--- Task directions ---
Give back an exact copy of the lines in the records below, from the line that has "e * (cvec_norm" through the line that has "e)) x) \<and>", and nothing besides.

Records excerpted from a collection:

-*-*-

lemma unitary_completion:
  assumes u: "u \<in> carrier_vec n" "u \<noteq> 0\<^sub>v n"
  obtains W c where "unitary_mat n W" "col W 0 = c \<cdot>\<^sub>v u"
proof -
  interpret cof_vec_space n "TYPE(complex)" .
  define b where "b = basis_completion u"
  from basis_completion[OF u, folded b_def]
  have b: "set b \<subseteq> carrier_vec n" "distinct b" "\<not> lin_dep (set b)" "length b = n" "hd b = u"
    by auto
  define ws where "ws = gram_schmidt n b"
  from gram_schmidt_result[OF b(1-3) ws_def]
  have ws: "corthogonal ws" "set ws \<subseteq> carrier_vec n" "length ws = n"
    using b by auto
  have "n \<noteq> 0"
    using u by auto
  then obtain bs where "b = u # bs"
    using b(4,5) by (cases b) auto
  then have "hd ws = u"
    unfolding ws_def using gram_schmidt_hd[OF u(1)] by simp
  then have ws0: "ws ! 0 = u"
    using ws(3) \<open>n \<noteq> 0\<close> by (cases ws) auto
  define scale :: "complex vec \<Rightarrow> complex"
    where "scale w = of_real (1 / sqrt (Re (w \<bullet>c w)))" for w
  define vs where "vs = map (\<lambda>w. scale w \<cdot>\<^sub>v w) ws"
  have orthonormal: "vs ! j \<bullet>c vs ! i = (if i = j then 1 else 0)" if ij: "i < n" "j < n" for i j
  proof -
    have carrier: "ws ! i \<in> carrier_vec n" "ws ! j \<in> carrier_vec n"
      using ws(2,3) ij by auto
    have "vs ! j \<bullet>c vs ! i = scale (ws ! j) * cnj (scale (ws ! i)) * (ws ! j \<bullet>c ws ! i)"
      unfolding vs_def using ij ws(3) carrier
      by (simp add: cscalar_prod_sum sum_distrib_left mult_ac)
    also have "\<dots> = (if i = j then 1 else 0)"
    proof (cases "i = j")
      case True
      define r where "r = Re (ws ! i \<bullet>c ws ! i)"
      have "ws ! i \<bullet>c ws ! i \<noteq> 0"
        using corthogonalD[OF ws(1)] ij ws(3) by auto
      then have "0 < r"
        unfolding r_def by (metis carrier(1) conjugate_square_eq_0_vec cvec_norm_pos cvec_norm_sq)
      then have "1 / sqrt r * (1 / sqrt r) * r = 1"
        by (simp add: field_simps flip: power2_eq_square)
      then show ?thesis
        using True cscalar_prod_self_real[of "ws ! i"] unfolding scale_def r_def[symmetric]
        by (simp flip: of_real_mult)
    next
      case False
      then show ?thesis
        using corthogonalD[OF ws(1)] ij ws(3) by auto
    qed
    finally show ?thesis .
  qed
  have vs: "set vs \<subseteq> carrier_vec n" "length vs = n"
    unfolding vs_def using ws(2,3) by auto
  then have "unitary_mat n (mat_of_cols n vs)"
    using orthonormal by (rule unitary_mat_of_orthonormal_cols)
  moreover have "col (mat_of_cols n vs) 0 = vs ! 0"
    using vs \<open>n \<noteq> 0\<close> by (intro col_mat_of_cols) auto
  moreover have "vs ! 0 = scale u \<cdot>\<^sub>v u"
    unfolding vs_def using \<open>n \<noteq> 0\<close> ws(3) ws0 by simp
  ultimately show ?thesis
    using that by metis
qed

section \<open>Rayleigh quotient bounds\<close>

definition spectrum_between :: "complex mat \<Rightarrow> real \<Rightarrow> real \<Rightarrow> bool" where
  "spectrum_between A m M \<longleftrightarrow> (\<forall>k. eigenvalue A k \<longrightarrow> m \<le> Re k \<and> Re k \<le> M)"

definition quad_form_between :: "nat \<Rightarrow> complex mat \<Rightarrow> real \<Rightarrow> real \<Rightarrow> bool" where
  "quad_form_between n A m M \<longleftrightarrow> (\<forall>x \<in> carrier_vec n.
     m * (cvec_norm x)\<^sup>2 \<le> Re (quad_form A x) \<and> Re (quad_form A x) \<le> M * (cvec_norm x)\<^sup>2)"

lemma spectrum_between_if_quad_form_between:
  assumes "A \<in> carrier_mat n n" "quad_form_between n A m M"
  shows "spectrum_between A m M"
  unfolding spectrum_between_def
proof (intro allI impI)
  fix k assume "eigenvalue A k"
  then obtain x where x: "eigenvector A x k"
    unfolding eigenvalue_def by blast
  then have x_carrier: "x \<in> carrier_vec n" and "x \<noteq> 0\<^sub>v n"
    using assms(1) unfolding eigenvector_def by auto
  then have "0 < (cvec_norm x)\<^sup>2"
    by (rule cvec_norm_pos)
  then show "m \<le> Re k \<and> Re k \<le> M"
    using assms(2) x_carrier quad_form_eigenvector_Re[OF x]
    unfolding quad_form_between_def by auto
qed

lemma quad_form_between_scalar:
  assumes "m \<le> e" "e \<le> M"
  shows "quad_form_between 1 (mat 1 1 (\<lambda>_. of_real e)) m M"
  unfolding quad_form_between_def
proof
  fix x :: "complex vec" assume "x \<in> carrier_vec 1"
  then have "Re (quad_form (mat 1 1 (\<lambda>_. of_real e)) x) = e * (cvec_norm x)\<^sup>2"
    unfolding quad_form_def cvec_norm_sq
    by (simp add: mult_mat_vec_def scalar_prod_def algebra_simps)
  moreover have "0 \<le> (cvec_norm x)\<^sup>2"
    by simp
  ultimately show "m * (cvec_norm x)\<^sup>2 \<le> Re (quad_form (mat 1 1 (\<lambda>_. of_real e)) x) \<and>
      Re (quad_form (mat 1 1 (\<lambda>_. of_real e)) x) \<le> M * (cvec_norm x)\<^sup>2"
    using assms by (auto intro: mult_right_mono)
qed

lemma quad_form_between_block_diag:
  assumes "A \<in> carrier_mat n n" "D \<in> carrier_mat p p"
    and "quad_form_between n A m M" "quad_form_between p D m M"
  shows "quad_form_between (n + p) (four_block_mat A (0\<^sub>m n p) (0\<^sub>m p n) D) m M"
  unfolding quad_form_between_def
proof
  fix x :: "complex vec" assume "x \<in> carrier_vec (n + p)"
  then have split: "x = vec_first x n @\<^sub>v vec_last x p"
    by simp
  have "Re (quad_form (four_block_mat A (0\<^sub>m n p) (0\<^sub>m p n) D) x)
      = Re (quad_form A (vec_first x n)) + Re (quad_form D (vec_last x p))"
    by (subst split, subst quad_form_block_diag[OF assms(1,2)]) auto
  moreover have "(cvec_norm x)\<^sup>2 = (cvec_norm (vec_first x n))\<^sup>2 + (cvec_norm (vec_last x p))\<^sup>2"
    by (subst split, rule cvec_norm_append[of _ n _ p]) auto
  ultimately show "m * (cvec_norm x)\<^sup>2 \<le> Re (quad_form (four_block_mat A (0\<^sub>m n p) (0\<^sub>m p n) D) x) \<and>
      Re (quad_form (four_block_mat A (0\<^sub>m n p) (0\<^sub>m p n) D) x) \<le> M * (cvec_norm x)\<^sup>2"
    using assms(3,4) unfolding quad_form_between_def
    by (simp add: distrib_left add_mono)
qed

lemma quad_form_between_unitary_congruence:
  assumes "unitary_mat n W" "A \<in> carrier_mat n n"
    and "quad_form_between n (mat_adjoint W * A * W) m M"
  shows "quad_form_between n A m M"
  unfolding quad_form_between_def
proof
  fix x :: "complex vec" assume x: "x \<in> carrier_vec n"
  have W: "W \<in> carrier_mat n n" "mat_adjoint W \<in> carrier_mat n n" "W * mat_adjoint W = 1\<^sub>m n"
    using assms(1) unitary_mat_right_inverse mat_adjoint_carrier unfolding unitary_mat_def by auto
  define y where "y = mat_adjoint W *\<^sub>v x"
  have y: "y \<in> carrier_vec n"
    unfolding y_def using W(2) x by (rule mult_mat_vec_carrier)
  have "W *\<^sub>v y = x"
    unfolding y_def using W x by (simp flip: assoc_mult_mat_vec[of _ n n _ n])
  then have "quad_form A x = quad_form (mat_adjoint W * A * W) y"
    using quad_form_congruence[OF W(1) assms(2) y] by simp
  moreover have "quad_form (1\<^sub>m n) y = quad_form (1\<^sub>m n) x"
    using quad_form_congruence[of "mat_adjoint W" n n "1\<^sub>m n" x] W x unfolding y_def by simp
  then have "(cvec_norm y)\<^sup>2 = (cvec_norm x)\<^sup>2"
    by (metis quad_form_one x y)
  ultimately show "m * (cvec_norm x)\<^sup>2 \<le> Re (quad_form A x) \<and>
      Re (quad_form A x) \<le> M * (cvec_norm x)\<^sup>2"
    using assms(3) y unfolding quad_form_between_def by metis
qed

lemma unitary_congruence_first_col:
  assumes "unitary_mat n W" "A \<in> carrier_mat n n" "eigenvector A u e" "col W 0 = c \<cdot>\<^sub>v u" "0 < n"
  shows "col (mat_adjoint W * A * W) 0 = e \<cdot>\<^sub>v unit_vec n 0"
proof -
  have W: "W \<in> carrier_mat n n" "mat_adjoint W \<in> carrier_mat n n" "mat_adjoint W * W = 1\<^sub>m n"
    using assms(1) mat_adjoint_carrier unfolding unitary_mat_def by auto
  have u: "u \<in> carrier_vec n" "A *\<^sub>v u = e \<cdot>\<^sub>v u"
    using assms(2,3) unfolding eigenvector_def by auto
  have col_W: "col W 0 \<in> carrier_vec n"
    using W(1) by (simp add: carrier_vecI)
  have "col (mat_adjoint W * A * W) 0 = (mat_adjoint W * A) *\<^sub>v col W 0"
    using mult_carrier_mat[OF W(2) assms(2)] W(1) assms(5) by (rule col_mult2)
  also have "\<dots> = mat_adjoint W *\<^sub>v (A *\<^sub>v col W 0)"
    using W(2) assms(2) col_W by (rule assoc_mult_mat_vec)
  also have "A *\<^sub>v col W 0 = e \<cdot>\<^sub>v col W 0"
    unfolding assms(4) mult_mat_vec[OF assms(2) u(1)] u(2) smult_smult_assoc
    by (simp add: mult.commute)
  also have "mat_adjoint W *\<^sub>v (e \<cdot>\<^sub>v col W 0) = e \<cdot>\<^sub>v (mat_adjoint W *\<^sub>v col W 0)"
    using W(2) col_W by (rule mult_mat_vec)
  also have "mat_adjoint W *\<^sub>v col W 0 = col (mat_adjoint W * W) 0"
    using W(2,1) assms(5) by (rule col_mult2[symmetric])
  finally show ?thesis
    using W(3) assms(5) by simp
qed

lemma hermitian_first_col_block:
  assumes B: "hermitian_mat (Suc n) B" and col: "col B 0 = e \<cdot>\<^sub>v unit_vec (Suc n) 0"
  obtains B' where "hermitian_mat n B'"
    "B = four_block_mat (mat 1 1 (\<lambda>_. e)) (0\<^sub>m 1 n) (0\<^sub>m n 1) B'"
proof -
  have carrier: "B \<in> carrier_mat (Suc n) (Suc n)" and adj: "mat_adjoint B = B"
    using B unfolding hermitian_mat_def by auto
  have col_entries: "B $$ (i, 0) = (if i = 0 then e else 0)" if "i < Suc n" for i
    using arg_cong[OF col, of "\<lambda>w. w $ i"] carrier that by auto
  have row_entries: "B $$ (0, j) = (if j = 0 then e else 0)" if "j < Suc n" for j
  proof -
    have "B $$ (0, j) = cnj (B $$ (j, 0))"
      using arg_cong[OF adj, of "\<lambda>M. M $$ (0, j)"] carrier that by simp
    then show ?thesis
      using col_entries[OF that] col_entries[of 0] by auto
  qed
  define B' where "B' = mat n n (\<lambda>(i, j). B $$ (Suc i, Suc j))"
  have "hermitian_mat n B'"
    unfolding hermitian_mat_def
  proof
    show "B' \<in> carrier_mat n n"
      unfolding B'_def by simp
    have "mat_adjoint B' $$ (i, j) = B' $$ (i, j)" if "i < n" "j < n" for i j
      using arg_cong[OF adj, of "\<lambda>M. M $$ (Suc i, Suc j)"] carrier that by (simp add: B'_def)
    then show "mat_adjoint B' = B'"
      by (intro eq_matI) (auto simp: B'_def)
  qed
  moreover have "B = four_block_mat (mat 1 1 (\<lambda>_. e)) (0\<^sub>m 1 n) (0\<^sub>m n 1) B'"
  proof (rule eq_matI)
    fix i j assume "i < dim_row (four_block_mat (mat 1 1 (\<lambda>_. e)) (0\<^sub>m 1 n) (0\<^sub>m n 1) B')"
      "j < dim_col (four_block_mat (mat 1 1 (\<lambda>_. e)) (0\<^sub>m 1 n) (0\<^sub>m n 1) B')"
    then have "i < Suc n" "j < Suc n"
      by (auto simp: B'_def)
    then show "B $$ (i, j) = four_block_mat (mat 1 1 (\<lambda>_. e)) (0\<^sub>m 1 n) (0\<^sub>m n 1) B' $$ (i, j)"
      using col_entries row_entries by (cases i; cases j) (auto simp: B'_def)
  qed (use carrier in \<open>auto simp: B'_def\<close>)
  ultimately show ?thesis
    using that by blast
qed

lemma hermitian_deflation:
  assumes A: "hermitian_mat (Suc n) A"
  obtains W e A' where "unitary_mat (Suc n) W" "hermitian_mat n A'" "eigenvalue A (of_real e)"
    "\<And>k. eigenvalue A' k \<Longrightarrow> eigenvalue A k"
    "mat_adjoint W * A * W = four_block_mat (mat 1 1 (\<lambda>_. of_real e)) (0\<^sub>m 1 n) (0\<^sub>m n 1) A'"
proof -
  have carrier: "A \<in> carrier_mat (Suc n) (Suc n)"
    using A unfolding hermitian_mat_def by auto
  obtain k where k: "eigenvalue A k"
    using spectrum_non_empty[OF carrier] unfolding spectrum_def by auto
  define e where "e = Re k"
  have k_real: "k = of_real e"
    unfolding e_def using hermitian_eigenvalue_real[OF A k] by simp
  obtain u where u: "eigenvector A u k"
    using k unfolding eigenvalue_def by blast
  then have "u \<in> carrier_vec (Suc n)" "u \<noteq> 0\<^sub>v (Suc n)"
    using carrier unfolding eigenvector_def by auto
  then obtain W c where W: "unitary_mat (Suc n) W" "col W 0 = c \<cdot>\<^sub>v u"
    by (rule unitary_completion)
  have W_carrier: "W \<in> carrier_mat (Suc n) (Suc n)" "mat_adjoint W * W = 1\<^sub>m (Suc n)"
    "W * mat_adjoint W = 1\<^sub>m (Suc n)"
    using W(1) unitary_mat_right_inverse unfolding unitary_mat_def by auto
  define B where "B = mat_adjoint W * A * W"
  have "hermitian_mat (Suc n) B"
    unfolding B_def using A W_carrier(1) by (rule hermitian_congruence)
  moreover have "col B 0 = of_real e \<cdot>\<^sub>v unit_vec (Suc n) 0"
    unfolding B_def k_real[symmetric] using W carrier u by (intro unitary_congruence_first_col) auto
  ultimately obtain A' where A': "hermitian_mat n A'"
    and B: "B = four_block_mat (mat 1 1 (\<lambda>_. of_real e)) (0\<^sub>m 1 n) (0\<^sub>m n 1) A'"
    by (rule hermitian_first_col_block)
  have A'_carrier: "A' \<in> carrier_mat n n" and B_carrier: "B \<in> carrier_mat (Suc n) (Suc n)"
    using A' \<open>hermitian_mat (Suc n) B\<close> unfolding hermitian_mat_def by auto
  have "char_poly B = char_poly (mat 1 1 (\<lambda>_. of_real e)) * char_poly A'"
    unfolding B using A'_carrier by (intro char_poly_four_block_zeros_col) auto
  moreover have "similar_mat_wit B A (mat_adjoint W) W"
    using W_carrier carrier B_carrier mat_adjoint_carrier[OF W_carrier(1)]
    by (intro similar_mat_witI[of _ _ "Suc n"]) (simp_all add: B_def)
  then have "char_poly B = char_poly A"
    by (intro char_poly_similar) (auto simp: similar_mat_def)
  ultimately have char_poly_A: "char_poly A = char_poly (mat 1 1 (\<lambda>_. of_real e)) * char_poly A'"
    by simp
  show ?thesis
  proof (rule that[OF W(1) A'])
    show "eigenvalue A (of_real e)"
      using k k_real by simp
    show "eigenvalue A k" if "eigenvalue A' k" for k
      using that char_poly_A eigenvalue_root_char_poly[OF carrier]
        eigenvalue_root_char_poly[OF A'_carrier] by auto
    show "mat_adjoint W * A * W = four_block_mat (mat 1 1 (\<lambda>_. of_real e)) (0\<^sub>m 1 n) (0\<^sub>m n 1) A'"
      using B unfolding B_def .
  qed
qed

-*-*-

--- Output for this task ---
  then have "Re (quad_form (mat 1 1 (\<lambda>_. of_real e)) x) = e * (cvec_norm x)\<^sup>2"
    unfolding quad_form_def cvec_norm_sq
    by (simp add: mult_mat_vec_def scalar_prod_def algebra_simps)
  moreover have "0 \<le> (cvec_norm x)\<^sup>2"
    by simp
  ultimately show "m * (cvec_norm x)\<^sup>2 \<le> Re (quad_form (mat 1 1 (\<lambda>_. of_real e)) x) \<and>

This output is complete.